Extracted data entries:
+---+

(* Let $W$ and $V$ be B-DMCs which are symmetric, symmetrized under the same permutation, and suppose that for a given $N=2^n$ ($n\ge0$) and $i\in\{1,\dots,N\}$: (A) $\mathbb P_V[L_{V_N^{(i)}}(y_1^N)<1]\ge\mathbb P_V[L_{V_N^{(i)}}(y_1^N)>1]$, (B) $Pe_N^{(i)}(W,V)-Pe_N^{(i)}(V)\le0$. Then (A) and (B) hold with $(N,i)$ replaced by $(2N,2i-1)$, and (A) holds with $(N,i)$ replaced by $(2N,2i)$. However, (B) need not hold for $(2N,2i)$: e.g. for $\mathcal Y=\{0,e,1\}$, $W$ the binary symmetric channel with crossover probability $0.3$ (with $W(e|x)=0$) and $V$ given by $V(0|0)=0.4, V(e|0)=0.5, V(1|0)=0.1$, $V(y|1)=V(\pi(y)|0)$ with $\pi$ swapping $0,1$ and fixing $e$ (so $L_V$ takes values $1/4,1,4$), conditions (A) and (B) hold for $N=1,i=1$ but (B) fails for $N=2,i=2$.
   Context: A B-DMC $W:\{0,1\}\to\mathcal Y$ is given by transition probabilities $W(y|x)$, $\mathcal Y$ finite; $L_W(y)=W(y|1)/W(y|0)$. $W,V$ are "symmetric, symmetrized under the same permutation" if there is an involutive permutation $\pi$ of $\mathcal Y$ with $W(y|1)=W(\pi(y)|0)$, $V(y|1)=V(\pi(y)|0)$ for all $y$. For a B-DMC $W$: $W^-(y_1y_2|u_1)=\sum_{u_2}\tfrac12W(y_1|u_1\oplus u_2)W(y_2|u_2)$, $W^+(y_1y_2u_1|u_2)=\tfrac12W(y_1|u_1\oplus u_2)W(y_2|u_2)$. Synthetic channels: $W_1^{(1)}=W$, $W_{2N}^{(2i-1)}=(W_N^{(i)})^-$, $W_{2N}^{(2i)}=(W_N^{(i)})^+$; an output of $W_N^{(i)}$ is written $(y_1^N,u_1^{i-1})$ as in Arıkan's construction and $L_{V_N^{(i)}}(y_1^N):=L_{V_N^{(i)}}(y_1^N,0_1^{i-1})$. With $L_1=L_{V_N^{(i)}}(y_1^N)$, $L_2=L_{V_N^{(i)}}(y_{N+1}^{2N})$: $L_{V_{2N}^{(2i-1)}}=\frac{L_1+L_2}{1+L_1L_2}$, $L_{V_{2N}^{(2i)}}=L_1L_2$. Notation: $W(y_1^N|0_1^N)=\prod_jW(y_j|0)$, $\mathbb P_W[E]=\sum_{y_1^N}W(y_1^N|0_1^N)\mathbf 1\{E\}$, $\mathbf H(\ell)=\mathbf 1\{\ell>1\}+\tfrac12\mathbf 1\{\ell=1\}$. Mismatched error probability: $Pe_N^{(i)}(W,V)=\sum_{u}\tfrac12\sum_{(y_1^N,u_1^{i-1})}W_N^{(i)}(y_1^N,u_1^{i-1}|u)\big[\mathbf 1\{V_N^{(i)}(\cdot|u\oplus1)>V_N^{(i)}(\cdot|u)\}+\tfrac12\mathbf 1\{V_N^{(i)}(\cdot|u\oplus1)=V_N^{(i)}(\cdot|u)\}\big]$, evaluated at the output $(y_1^N,u_1^{i-1})$; $Pe_N^{(i)}(V)=Pe_N^{(i)}(V,V)$. For such symmetric $W,V$ it is known that $Pe_N^{(i)}(W,V)=\sum_{y_1^N}W(y_1^N|0_1^N)\mathbf H(L_{V_N^{(i)}}(y_1^N))$. *)

theory Defs
  imports Complex_Main
begin

text \<open>Binary-input channels.  Inputs are bits (False = 0, True = 1);
  a channel W is given by its transition probabilities W y x = W(y|x).\<close>

type_synonym 'y channel = "'y \<Rightarrow> bool \<Rightarrow> real"

definition bdmc :: "('y::finite) channel \<Rightarrow> bool" where
  "bdmc W \<longleftrightarrow> (\<forall>y x. 0 \<le> W y x) \<and> (\<forall>x. (\<Sum>y\<in>UNIV. W y x) = 1)"

definition sym_same_perm :: "('y::finite) channel \<Rightarrow> 'y channel \<Rightarrow> bool" where
  "sym_same_perm W V \<longleftrightarrow> (\<exists>\<pi>. bij \<pi> \<and> (\<forall>y. \<pi> (\<pi> y) = y) \<and>
      (\<forall>y. W y True = W (\<pi> y) False) \<and> (\<forall>y. V y True = V (\<pi> y) False))"

text \<open>An output of W_N^(i) is a pair (y_1^N, u_1^(i-1)),
  represented as a pair of lists (ys, us).  The recursion follows Arikan's
  construction: for the doubled channel, the first half of the outputs and the
  bits u_odd XOR u_even feed the first copy, the second half of the outputs and
  u_even feed the second copy.\<close>

type_synonym 'y syn_channel = "'y list \<times> bool list \<Rightarrow> bool \<Rightarrow> real"

definition odd_part :: "bool list \<Rightarrow> bool list" where
  "odd_part us = map (\<lambda>k. us ! (2*k)) [0..<length us div 2]"

definition even_part :: "bool list \<Rightarrow> bool list" where
  "even_part us = map (\<lambda>k. us ! (2*k+1)) [0..<length us div 2]"

definition xor_list :: "bool list \<Rightarrow> bool list \<Rightarrow> bool list" where
  "xor_list as bs = map2 (\<noteq>) as bs"

text \<open>Minus transform; N is the block length of the channel Q being transformed.
  Output (y_1^(2N), u_1^(2i-2)), input u_(2i-1).\<close>
definition chan_minus :: "nat \<Rightarrow> 'y syn_channel \<Rightarrow> 'y syn_channel" where
  "chan_minus N Q = (\<lambda>(ys, us) u1.
     (\<Sum>u2\<in>UNIV. 1/2 * Q (take N ys, xor_list (odd_part us) (even_part us)) (u1 \<noteq> u2)
                       * Q (drop N ys, even_part us) u2))"

text \<open>Plus transform. Output (y_1^(2N), u_1^(2i-1)), input u_(2i).\<close>
definition chan_plus :: "nat \<Rightarrow> 'y syn_channel \<Rightarrow> 'y syn_channel" where
  "chan_plus N Q = (\<lambda>(ys, us) u2.
     (let us' = butlast us; u1 = last us in
      1/2 * Q (take N ys, xor_list (odd_part us') (even_part us')) (u1 \<noteq> u2)
          * Q (drop N ys, even_part us') u2))"

text \<open>synth W n i = W_N^(i) with N = 2^n, for 1 \<le> i \<le> N.\<close>
fun synth :: "'y channel \<Rightarrow> nat \<Rightarrow> nat \<Rightarrow> 'y syn_channel" where
  "synth W 0 i = (\<lambda>(ys, us) x. W (hd ys) x)"
| "synth W (Suc n) i =
     (if odd i then chan_minus (2^n) (synth W n ((i+1) div 2))
      else chan_plus (2^n) (synth W n (i div 2)))"

definition syn_outputs :: "nat \<Rightarrow> nat \<Rightarrow> ('y list \<times> bool list) set" where
  "syn_outputs n i = {(ys, us). length ys = 2^n \<and> length us = i - 1}"

definition Pe_mis :: "('y::finite) channel \<Rightarrow> 'y channel \<Rightarrow> nat \<Rightarrow> nat \<Rightarrow> real" where
  "Pe_mis W V n i = (\<Sum>u\<in>UNIV. 1/2 * (\<Sum>out\<in>syn_outputs n i.
      synth W n i out u *
        ((if synth V n i out (\<not> u) > synth V n i out u then 1 else 0)
         + 1/2 * (if synth V n i out (\<not> u) = synth V n i out u then 1 else 0))))"

definition Pe :: "('y::finite) channel \<Rightarrow> nat \<Rightarrow> nat \<Rightarrow> real" where
  "Pe V n i = Pe_mis V V n i"

text \<open>L_(V_N^(i))(y_1^N) := L_(V_N^(i))(y_1^N, 0_1^(i-1)).\<close>
definition LR :: "'y channel \<Rightarrow> nat \<Rightarrow> nat \<Rightarrow> 'y list \<Rightarrow> real" where
  "LR V n i ys = synth V n i (ys, replicate (i - 1) False) True
               / synth V n i (ys, replicate (i - 1) False) False"

text \<open>P_W[E] for an event E on y_1^N, N = 2^n, under the all-zero input.\<close>
definition prob_zero :: "('y::finite) channel \<Rightarrow> nat \<Rightarrow> ('y list \<Rightarrow> bool) \<Rightarrow> real" where
  "prob_zero W n E = (\<Sum>ys\<in>{ys. length ys = 2^n}.
      (\<Prod>j<length ys. W (ys ! j) False) * (if E ys then 1 else 0))"

definition condA :: "('y::finite) channel \<Rightarrow> nat \<Rightarrow> nat \<Rightarrow> bool" where
  "condA V n i \<longleftrightarrow> prob_zero V n (\<lambda>ys. LR V n i ys < 1) \<ge> prob_zero V n (\<lambda>ys. LR V n i ys > 1)"

definition condB :: "('y::finite) channel \<Rightarrow> 'y channel \<Rightarrow> nat \<Rightarrow> nat \<Rightarrow> bool" where
  "condB W V n i \<longleftrightarrow> Pe_mis W V n i - Pe V n i \<le> 0"

datatype Y3 = Y0 | Ye | Y1

lemma UNIV_Y3: "(UNIV :: Y3 set) = {Y0, Ye, Y1}"
  using Y3.exhaust by auto

instance Y3 :: finite
  by standard (simp add: UNIV_Y3)

definition swap01 :: "Y3 \<Rightarrow> Y3" where
  "swap01 y = (case y of Y0 \<Rightarrow> Y1 | Ye \<Rightarrow> Ye | Y1 \<Rightarrow> Y0)"

definition W_ex :: "Y3 channel" where
  "W_ex y x = (let p = (case y of Y0 \<Rightarrow> 7/10 | Ye \<Rightarrow> 0 | Y1 \<Rightarrow> 3/10)
               in if x then (case swap01 y of Y0 \<Rightarrow> 7/10 | Ye \<Rightarrow> 0 | Y1 \<Rightarrow> 3/10) else p)"

definition V_ex :: "Y3 channel" where
  "V_ex y x = (if x then (case swap01 y of Y0 \<Rightarrow> 4/10 | Ye \<Rightarrow> 5/10 | Y1 \<Rightarrow> 1/10)
               else (case y of Y0 \<Rightarrow> 4/10 | Ye \<Rightarrow> 5/10 | Y1 \<Rightarrow> 1/10))"

end

theory Submission
  imports Defs
begin

(* The three claims are proved independently.
   (B) for the minus channel, for arbitrary B-DMCs W and V: the outputs of W_2N^(2i-1) are
   the pairs of outputs of W_N^(i), and the mismatched decision on the minus channel errs
   iff exactly one of the two component decisions errs.  Hence Pe_2N^(2i-1)(W,V) = 2p(1-p)
   with p = Pe_N^(i)(W,V).  As t |-> 2t(1-t) is increasing on [0, 1/2] and
   Pe_N^(i)(V) <= 1/2, condition (B) passes from (N, i) to (2N, 2i-1).
   (A) holds at every (N, i) for a symmetric V.  Write
   A = V_N^(i)(y, 0|1) and B = V_N^(i)(y, 0|0).  Two properties of (A, B) are preserved by
   both polar transforms: an involution of the outputs exchanges A and B (for N = 1 it is
   pi), and the law of (A, B) under V(y|0_1^N) is K times its law under the weight B.
   Together they give P_V[L > 1] = K sum B[A > B] <= K sum A[A > B] = K sum B[B > A]
   <= P_V[L < 1]. *)

lemma odd_part_Nil [simp]: "odd_part [] = []"
  by (simp add: odd_part_def)

lemma odd_part_single [simp]: "odd_part [a] = []"
  by (simp add: odd_part_def)

lemma odd_part_Cons2 [simp]: "odd_part (a # b # r) = a # odd_part r"
  by (simp add: odd_part_def upt_conv_Cons map_Suc_upt[symmetric] del: upt_Suc)

lemma even_part_Nil [simp]: "even_part [] = []"
  by (simp add: even_part_def)

lemma even_part_single [simp]: "even_part [a] = []"
  by (simp add: even_part_def)

lemma even_part_Cons2 [simp]: "even_part (a # b # r) = b # even_part r"
  by (simp add: even_part_def upt_conv_Cons map_Suc_upt[symmetric] del: upt_Suc)

lemma length_odd_part [simp]: "length (odd_part us) = length us div 2"
  by (simp add: odd_part_def)

lemma length_even_part [simp]: "length (even_part us) = length us div 2"
  by (simp add: even_part_def)

lemma xor_list_Nil [simp]: "xor_list [] bs = []" "xor_list as [] = []"
  by (auto simp: xor_list_def)

lemma xor_list_Cons [simp]: "xor_list (a # as) (b # bs) = (a \<noteq> b) # xor_list as bs"
  by (simp add: xor_list_def)

lemma length_xor_list [simp]: "length (xor_list as bs) = min (length as) (length bs)"
  by (simp add: xor_list_def)

lemma xor_list_cancel: "length as = length bs \<Longrightarrow> xor_list (xor_list as bs) bs = as"
  by (induct as bs rule: list_induct2) auto

lemma xor_list_replicate: "xor_list (replicate m a) (replicate m a) = replicate m False"
  by (induct m) auto

fun interleave :: "bool list \<Rightarrow> bool list \<Rightarrow> bool list" where
  "interleave (a # as) (c # cs) = a # c # interleave as cs"
| "interleave _ _ = []"

lemma length_interleave: "length as = length cs \<Longrightarrow> length (interleave as cs) = 2 * length as"
  by (induct as cs rule: list_induct2) auto

lemma odd_part_interleave: "length as = length cs \<Longrightarrow> odd_part (interleave as cs) = as"
  by (induct as cs rule: list_induct2) auto

lemma even_part_interleave: "length as = length cs \<Longrightarrow> even_part (interleave as cs) = cs"
  by (induct as cs rule: list_induct2) auto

+---+

* **TASK GOAL**
Every line above from the line with "y) = y) \<and>" to the line with "W (Suc n) i", inclusive, must be returned exactly; no other line belongs in the reply.

* **RESULT OF THE TASK**
  "sym_same_perm W V \<longleftrightarrow> (\<exists>\<pi>. bij \<pi> \<and> (\<forall>y. \<pi> (\<pi> y) = y) \<and>
      (\<forall>y. W y True = W (\<pi> y) False) \<and> (\<forall>y. V y True = V (\<pi> y) False))"

text \<open>An output of W_N^(i) is a pair (y_1^N, u_1^(i-1)),
  represented as a pair of lists (ys, us).  The recursion follows Arikan's
  construction: for the doubled channel, the first half of the outputs and the
  bits u_odd XOR u_even feed the first copy, the second half of the outputs and
  u_even feed the second copy.\<close>

type_synonym 'y syn_channel = "'y list \<times> bool list \<Rightarrow> bool \<Rightarrow> real"

definition odd_part :: "bool list \<Rightarrow> bool list" where
  "odd_part us = map (\<lambda>k. us ! (2*k)) [0..<length us div 2]"

definition even_part :: "bool list \<Rightarrow> bool list" where
  "even_part us = map (\<lambda>k. us ! (2*k+1)) [0..<length us div 2]"

definition xor_list :: "bool list \<Rightarrow> bool list \<Rightarrow> bool list" where
  "xor_list as bs = map2 (\<noteq>) as bs"

text \<open>Minus transform; N is the block length of the channel Q being transformed.
  Output (y_1^(2N), u_1^(2i-2)), input u_(2i-1).\<close>
definition chan_minus :: "nat \<Rightarrow> 'y syn_channel \<Rightarrow> 'y syn_channel" where
  "chan_minus N Q = (\<lambda>(ys, us) u1.
     (\<Sum>u2\<in>UNIV. 1/2 * Q (take N ys, xor_list (odd_part us) (even_part us)) (u1 \<noteq> u2)
                       * Q (drop N ys, even_part us) u2))"

text \<open>Plus transform. Output (y_1^(2N), u_1^(2i-1)), input u_(2i).\<close>
definition chan_plus :: "nat \<Rightarrow> 'y syn_channel \<Rightarrow> 'y syn_channel" where
  "chan_plus N Q = (\<lambda>(ys, us) u2.
     (let us' = butlast us; u1 = last us in
      1/2 * Q (take N ys, xor_list (odd_part us') (even_part us')) (u1 \<noteq> u2)
          * Q (drop N ys, even_part us') u2))"

text \<open>synth W n i = W_N^(i) with N = 2^n, for 1 \<le> i \<le> N.\<close>
fun synth :: "'y channel \<Rightarrow> nat \<Rightarrow> nat \<Rightarrow> 'y syn_channel" where
  "synth W 0 i = (\<lambda>(ys, us) x. W (hd ys) x)"
| "synth W (Suc n) i =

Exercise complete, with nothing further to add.